Когда осознали… когда заглянули-проверили, когда каждая пощупала, чтобы ощутить тактильно! – вся редакция пустилась в разнузданный хип-хоп. Девочки отплясывали, вздымая юбки, задирая ноги, обнимались, визжали, как фанатки футбола на трибунах. Ещё бы: жизнь была спасена! Жизнь редакции современной литературы продолжалась. Позора не будет! Великий не узнает! ОПЭЭМ – выкусит! И мерзкий Гандон Вазелинович не ворвётся сюда – жарить их всех в кипящем масле, вздымать на вилы и макать с головой в бочки с дерьмом.
– Та-ак… – выдавил Сергей РобЕртович, прислонясь к стене, медленно растирая ладонью грудь в области сердца. Он и сам, между нами говоря, испытал огромное облегчение: ну кому охота ползти с повинной головушкой на плаху к этому Великому Мудаку! – Вот что. Умой лицо, поедем обедать, я в самолёте ни черта не жрал, а с твоими трагедиями и вовсе … – Он вздёрнул руку, глянул на часы: – У-у-у-у! Поехали.
И хотя Надежда высовывала кончик языка, всплёскивала руками и показывала, что есть ей совершенно не хочется и невозможно, – Сергей РобЕртович чуть не силком потащил её к лифту, усадил в машину и повёз в «Тётю Мотю», в Спиридоньевский. Время от времени они проводилитам переговоры с партнёрами из «Звучащей книги».

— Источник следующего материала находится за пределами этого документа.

lemma seqs_length_Suc_Un_few_values_words:
  "{xs \<in> seqs n m. length xs = Suc L} \<union> few_values_words n m (Suc L)
     = (\<lambda>(xs, x). xs @ [x]) ` (few_values_words n m L \<times> {..<n})"
proof (intro equalityI subsetI)
  fix ys assume ys: "ys \<in> {xs \<in> seqs n m. length xs = Suc L} \<union> few_values_words n m (Suc L)"
  then have "ys \<noteq> []" by (auto simp: few_values_words_def)
  then obtain xs x where yx: "ys = xs @ [x]" by (metis rev_exhaust)
  have "card (set xs) < m"
  proof (cases "ys \<in> seqs n m")
    case True
    then have "x \<notin> set xs" "card (insert x (set xs)) = m" by (auto simp: seqs_def yx)
    then show ?thesis by simp
  next
    case False
    then have "card (insert x (set xs)) < m" using ys by (auto simp: few_values_words_def yx)
    moreover have "card (set xs) \<le> card (insert x (set xs))" by (simp add: card_mono subset_insertI)
    ultimately show ?thesis by simp
  qed
  moreover have "set xs \<subseteq> {..<n}" "x < n" "length xs = L"
    using ys by (auto simp: seqs_def few_values_words_def yx)
  ultimately show "ys \<in> (\<lambda>(xs, x). xs @ [x]) ` (few_values_words n m L \<times> {..<n})"
    using yx by (auto simp: few_values_words_def)
next
  fix ys assume "ys \<in> (\<lambda>(xs, x). xs @ [x]) ` (few_values_words n m L \<times> {..<n})"
  then obtain xs x where yx: "ys = xs @ [x]" and xs: "xs \<in> few_values_words n m L" and "x < n"
    by auto
  then have ys: "set ys \<subseteq> {..<n}" "length ys = Suc L" "card (set xs) < m"
    by (auto simp: few_values_words_def)
  have "card (set ys) < m \<or> card (set ys) = m \<and> x \<notin> set xs"
    using ys(3) yx by (cases "x \<in> set xs") (auto simp: insert_absorb)
  then show "ys \<in> {xs \<in> seqs n m. length xs = Suc L} \<union> few_values_words n m (Suc L)"
    using ys yx by (auto simp: seqs_def few_values_words_def)
qed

Ресторан был домашний, милый такой, ностальгический; декорирован под коммунальную кухню пятидесятых. Здесь готовили знатный украинский борщец и совершенно фантастическую фаршированную щуку.

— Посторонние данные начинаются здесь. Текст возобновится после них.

(* Let $k$ be an algebraically closed field of characteristic $2$, $f = x^2+y^2z+yz^2$, $m \geq 5$, $R_m = k[x_0,\dots,x_m,y_0,\dots,y_m,z_0,\dots,z_m]$, and $(\mathbb{A}^3)_m = \mathrm{Spec}\, R_m$. Define $f^{(j)}\in R_m$ ($0\le j\le m$) by $f(\sum_{i=0}^m x_it^i,\sum_{i=0}^m y_it^i,\sum_{i=0}^m z_it^i) = \sum_{j=0}^m f^{(j)}t^j$ in $R_m[t]/\langle t^{m+1}\rangle$. Define the ideals $I_m^0 = \langle x_0,x_1,x_2,y_0,y_1,z_0,z_1\rangle + \langle f^{(0)},\dots,f^{(m)}\rangle$, $I_m^1 = J_m^1 (R_m)_{z_1}\cap R_m$, $I_m^2 = J_m^2 (R_m)_{y_1}\cap R_m$, $I_m^3 = J_m^3 (R_m)_{y_1}\cap R_m$, where $J_m^1 = \langle x_0,x_1,y_0,y_1,z_0\rangle + \langle f^{(0)},\dots,f^{(m)}\rangle$, $J_m^2 = \langle x_0,x_1,y_0,z_0,z_1\rangle + \langle f^{(0)},\dots,f^{(m)}\rangle$, $J_m^3 = \langle x_0,x_1,y_0,z_0,y_1+z_1\rangle + \langle f^{(0)},\dots,f^{(m)}\rangle$, and let $Z_m^i = \mathbf{V}(I_m^i)\subseteq (\mathbb{A}^3)_m$ for $i=0,1,2,3$. Let $\psi_1,\psi_2$ be the automorphisms of $(\mathbb{A}^3)_m$ corresponding to the $k$-algebra automorphisms $\varphi_1,\varphi_2$ of $R_m$ given by $\varphi_1: x_i\mapsto x_i,\ y_i\mapsto z_i,\ z_i\mapsto y_i$ and $\varphi_2: x_i\mapsto x_i,\ y_i\mapsto y_i,\ z_i\mapsto y_i+z_i$ (for all $i$). Then (1) $\psi_1(Z_m^0)=Z_m^0$, $\psi_1(Z_m^1)=Z_m^2$, $\psi_1(Z_m^2)=Z_m^1$, $\psi_1(Z_m^3)=Z_m^3$; (2) $\psi_2(Z_m^0)=Z_m^0$, $\psi_2(Z_m^1)=Z_m^1$, $\psi_2(Z_m^2)=Z_m^3$, $\psi_2(Z_m^3)=Z_m^2$.
   Context: $(R_m)_h$ is the localization of $R_m$ at powers of $h$, and $J\cdot(R_m)_h\cap R_m$ denotes the preimage in $R_m$ of the extended ideal. $\mathbf{V}(I)$ is the zero set of the ideal $I$ in $(\mathbb{A}^3)_m$. *)

theory Defs
  imports "HOL-Library.Poly_Mapping" "HOL-Computational_Algebra.Polynomial"
begin

datatype var = X nat | Y nat | Z nat

fun vidx :: "var \<Rightarrow> nat" where
  "vidx (X i) = i" | "vidx (Y i) = i" | "vidx (Z i) = i"

type_synonym 'k mpoly = "(var \<Rightarrow>\<^sub>0 nat) \<Rightarrow>\<^sub>0 'k"

definition Var :: "var \<Rightarrow> 'k::comm_ring_1 mpoly" where
  "Var v = Poly_Mapping.single (Poly_Mapping.single v 1) 1"

definition Const :: "'k::comm_ring_1 \<Rightarrow> 'k mpoly" where
  "Const c = Poly_Mapping.single 0 c"

definition Rm :: "nat \<Rightarrow> 'k::comm_ring_1 mpoly set" where
  "Rm m = {p. \<forall>mon \<in> Poly_Mapping.keys p. \<forall>v \<in> Poly_Mapping.keys mon. vidx v \<le> m}"

definition fpoly :: "'a::comm_ring_1 \<Rightarrow> 'a \<Rightarrow> 'a \<Rightarrow> 'a" where
  "fpoly x y z = x^2 + y^2 * z + y * z^2"

definition arc :: "(nat \<Rightarrow> var) \<Rightarrow> nat \<Rightarrow> 'k::comm_ring_1 mpoly poly" where
  "arc c m = (\<Sum>i\<le>m. monom (Var (c i)) i)"

text \<open>f^(j) = coefficient of t^j of f(x(t),y(t),z(t)); for j \<le> m this is the
  coefficient in R_m[t]/(t^(m+1)).\<close>
definition fj :: "nat \<Rightarrow> nat \<Rightarrow> 'k::comm_ring_1 mpoly" where
  "fj m j = coeff (fpoly (arc X m) (arc Y m) (arc Z m)) j"

definition Fm :: "nat \<Rightarrow> 'k::comm_ring_1 mpoly set" where
  "Fm m = fj m ` {0..m}"

definition gen_ideal :: "'a::comm_ring_1 set \<Rightarrow> 'a set \<Rightarrow> 'a set" where
  "gen_ideal S G = {p. \<exists>F r. finite F \<and> F \<subseteq> G \<and> (\<forall>g\<in>F. r g \<in> S) \<and>
                         p = (\<Sum>g\<in>F. r g * g)}"

text \<open>J (S)_h \<inter> S: preimage in S (a domain) of the extension of J to S
  localized at powers of h.\<close>
definition sat :: "'a::comm_ring_1 set \<Rightarrow> 'a set \<Rightarrow> 'a \<Rightarrow> 'a set" where
  "sat S J h = {p \<in> S. \<exists>n::nat. h ^ n * p \<in> J}"

definition is_prime_ideal :: "'a::comm_ring_1 set \<Rightarrow> 'a set \<Rightarrow> bool" where
  "is_prime_ideal S P \<longleftrightarrow> P \<subseteq> S \<and> 0 \<in> P \<and>
     (\<forall>a\<in>P. \<forall>b\<in>P. a + b \<in> P) \<and> (\<forall>a\<in>P. \<forall>r\<in>S. r * a \<in> P) \<and>
     1 \<notin> P \<and> (\<forall>a\<in>S. \<forall>b\<in>S. a * b \<in> P \<longrightarrow> a \<in> P \<or> b \<in> P)"

definition Spec :: "'a::comm_ring_1 set \<Rightarrow> 'a set set" where
  "Spec S = {P. is_prime_ideal S P}"

definition zero_set :: "'a::comm_ring_1 set \<Rightarrow> 'a set \<Rightarrow> 'a set set" where
  "zero_set S I = {P \<in> Spec S. I \<subseteq> P}"

definition spec_map :: "'a::comm_ring_1 set \<Rightarrow> ('a \<Rightarrow> 'a) \<Rightarrow> 'a set \<Rightarrow> 'a set" where
  "spec_map S \<phi> P = {p \<in> S. \<phi> p \<in> P}"

definition subst :: "(var \<Rightarrow> 'k::comm_ring_1 mpoly) \<Rightarrow> 'k mpoly \<Rightarrow> 'k mpoly" where
  "subst \<sigma> p = (\<Sum>mon\<in>Poly_Mapping.keys p. Const (Poly_Mapping.lookup p mon) *
                    (\<Prod>v\<in>Poly_Mapping.keys mon. \<sigma> v ^ Poly_Mapping.lookup mon v))"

– А вот борща я поем, – оживлённо приговаривал Сергей РобЕртович, пробираясь в любимый уголок, поближе к окну. – И ты поешь борщецкого, душа моя. Похлебай. Больно, а ты через не могу. Ты стресс пережила, калории потеряла…

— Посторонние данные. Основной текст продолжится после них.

(* Every output set N x has uncertainty above delta, whereas two distinct members of an
   admissible family for [[Y|X]] overlap in uncertainty at most delta'/|C| * m([[Y]]) <= delta.
   So no output set lies in two distinct members, and choosing for each member a codeword whose
   output set it contains is injective; these codewords form a distinguishable codebook of the
   same size. Conversely, for a distinguishable codebook C the output sets N x, x in C, themselves
   form a delta-overlap family at level delta' = delta / m([[Y]]), so the delta-mutual
   information equals log |C|. *)

lemma uncertainty_function_mono:
  assumes "uncertainty_function m A" "S \<subseteq> T" "T \<subseteq> A"
  shows "m S \<le> m T"
proof -
  have "max (m S) (m T) \<le> m (S \<union> T)"
    using assms unfolding uncertainty_function_def by (meson order_trans)
  with \<open>S \<subseteq> T\<close> show ?thesis by (simp add: Un_absorb1)
qed

lemma uncertainty_function_empty: "uncertainty_function m A \<Longrightarrow> m {} = 0"
  unfolding uncertainty_function_def by simp

lemma uncertainty_function_pos:
  "uncertainty_function m A \<Longrightarrow> S \<subseteq> A \<Longrightarrow> S \<noteq> {} \<Longrightarrow> 0 < m S"
  unfolding uncertainty_function_def by simp

lemma admissible_familyD:
  assumes "admissible_family m U Wr F d \<S>"
  shows "\<And>S. S \<in> \<S> \<Longrightarrow> S \<subseteq> U"
    and "\<Union>\<S> = U"
    and "\<And>S. S \<in> \<S> \<Longrightarrow> \<exists>w\<in>Wr. F w \<subseteq> S"
    and "\<And>S1 S2. S1 \<in> \<S> \<Longrightarrow> S2 \<in> \<S> \<Longrightarrow> S1 \<noteq> S2 \<Longrightarrow> m (S1 \<inter> S2) \<le> d * m U"
  using assms unfolding admissible_family_def by simp_all

lemma admissible_family_inj_witness:
  assumes adm: "admissible_family m U Wr F d \<S>"
    and unc: "uncertainty_function m A" and "U \<subseteq> A"
    and big: "\<And>w. w \<in> Wr \<Longrightarrow> d * m U < m (F w)"
  obtains f where "inj_on f \<S>" "f ` \<S> \<subseteq> Wr" "\<And>S. S \<in> \<S> \<Longrightarrow> F (f S) \<subseteq> S"
proof -
  note sub = admissible_familyD(1)[OF adm] and overlap = admissible_familyD(4)[OF adm]
  have "\<forall>S\<in>\<S>. \<exists>w. w \<in> Wr \<and> F w \<subseteq> S"
    using admissible_familyD(3)[OF adm] by blast
  then obtain f where "\<forall>S\<in>\<S>. f S \<in> Wr \<and> F (f S) \<subseteq> S"
    by (rule bchoice[THEN exE])
  then have f: "\<And>S. S \<in> \<S> \<Longrightarrow> f S \<in> Wr" "\<And>S. S \<in> \<S> \<Longrightarrow> F (f S) \<subseteq> S"
    by simp_all
  have "inj_on f \<S>"
  proof (rule inj_onI, rule ccontr)
    fix S1 S2 assume S: "S1 \<in> \<S>" "S2 \<in> \<S>" "f S1 = f S2" "S1 \<noteq> S2"
    have "F (f S1) \<subseteq> S1 \<inter> S2"
      using f(2)[OF S(1)] f(2)[OF S(2)] S(3) by simp
    moreover have "S1 \<inter> S2 \<subseteq> A"
      using sub[OF S(1)] \<open>U \<subseteq> A\<close> by blast
    ultimately have "m (F (f S1)) \<le> m (S1 \<inter> S2)"
      by (rule uncertainty_function_mono[OF unc])
    also have "\<dots> \<le> d * m U"
      using overlap[OF S(1,2,4)] .
    finally show False
      using big[OF f(1)[OF S(1)]] by simp
  qed
  with f that show ?thesis by blast
qed

lemma delta_mutual_info_eq_log_card:
  assumes "overlap_family m U Wr F d \<S>" "finite \<S>"
  shows "delta_mutual_info m U Wr F d = ereal (log 2 (card \<S>))"
proof -
  define \<T> where "\<T> = (SOME \<T>. overlap_family m U Wr F d \<T>)"
  have "overlap_family m U Wr F d \<T>"
    unfolding \<T>_def using assms(1) by (rule someI)
  with assms obtain g h
    where g: "inj_on g \<T>" "g ` \<T> \<subseteq> \<S>" and h: "inj_on h \<S>" "h ` \<S> \<subseteq> \<T>"
    unfolding overlap_family_def by meson
  have "finite \<T>"
    using inj_on_finite[OF g \<open>finite \<S>\<close>] .
  moreover have "card \<T> = card \<S>"
    using card_inj_on_le[OF g \<open>finite \<S>\<close>] card_inj_on_le[OF h \<open>finite \<T>\<close>] by simp
  ultimately show ?thesis
    using assms(1) unfolding delta_mutual_info_def \<T>_def[symmetric] by (auto simp: Let_def)
qed

lemma overlap_family_image:
  assumes unc: "uncertainty_function m A" "U \<subseteq> A"
    and U_eq: "U = (\<Union>w\<in>Wr. F w)"
    and overlap: "\<And>w w'. w \<in> Wr \<Longrightarrow> w' \<in> Wr \<Longrightarrow> w \<noteq> w' \<Longrightarrow> m (F w \<inter> F w') \<le> d * m U"
    and big: "\<And>w. w \<in> Wr \<Longrightarrow> d * m U < m (F w)"
  shows "overlap_family m U Wr F d (F ` Wr)" and "inj_on F Wr"
proof -
  show inj: "inj_on F Wr"
  proof (rule inj_onI, rule ccontr)
    fix w w' assume "w \<in> Wr" "w' \<in> Wr" "F w = F w'" "w \<noteq> w'"
    with overlap[of w w'] big[of w] show False by simp
  qed
  have connected: "delta_connected_set m U Wr F d (F w)" if "w \<in> Wr" for w
    unfolding delta_connected_set_def
  proof (intro ballI)
    fix u u' assume "u \<in> F w" "u' \<in> F w"
    with that show "delta_connected m U Wr F d u u'"
      unfolding delta_connected_def by (intro exI[of _ "[w]"]) simp
  qed
  have "admissible_family m U Wr F d (F ` Wr)"
    unfolding admissible_family_def
  proof (intro conjI ballI impI)
    show "\<Union> (F ` Wr) = U"
      using U_eq by simp
    show "S \<subseteq> U" "delta_connected_set m U Wr F d S" "\<exists>w\<in>Wr. F w \<subseteq> S"
      if "S \<in> F ` Wr" for S
      using that connected U_eq by auto
    show "m (S1 \<inter> S2) \<le> d * m U" if "S1 \<in> F ` Wr" "S2 \<in> F ` Wr" "S1 \<noteq> S2" for S1 S2
      using that overlap by auto
    show "\<exists>S\<in>F ` Wr. F w \<subseteq> S" if "w \<in> Wr" for w
      using that by blast
  qed
  moreover have "\<exists>g. inj_on g \<S> \<and> g ` \<S> \<subseteq> F ` Wr"
    if adm: "admissible_family m U Wr F d \<S>" for \<S>
  proof -
    obtain f where f: "inj_on f \<S>" "f ` \<S> \<subseteq> Wr" "\<And>S. S \<in> \<S> \<Longrightarrow> F (f S) \<subseteq> S"
      using admissible_family_inj_witness[OF adm unc big] by blast
    then have "inj_on (F \<circ> f) \<S>"
      using comp_inj_on inj_on_subset[OF inj] by blast
    moreover have "(F \<circ> f) ` \<S> \<subseteq> F ` Wr"
      using f(2) by (auto simp: image_comp[symmetric])
    ultimately show ?thesis by blast
  qed
  ultimately show "overlap_family m U Wr F d (F ` Wr)"
    unfolding overlap_family_def by blast
qed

– Я так посизу… Осень бойно…
– А я говорю: похлебаешь борщаговского-то, сразу в себя придёшь. Принеси ей, душа моя, – велел официантке, а себе затребовал чуть не половину меню. Поджарый, сутулый, как старая поседелая гончая, Сергей РобЕртович жратву уважал. И борща ему, и щуку, и солёные грузди под водочку принесли – проголодался со всеми этими кошмарами. Да, хорошо здесь кормили.
Выпить Надежда согласилась: язык продезинфицировать, ну и успокоиться. И мгновенно перед ними поставили советские рюмашки пятидесятых годов, дутое стекло, всё в стиле
Сергей РобЕртович поднял рюмку и сказал:
– Ну что, душа моя, поехали? Знаешь, за кого пьём? За Великого!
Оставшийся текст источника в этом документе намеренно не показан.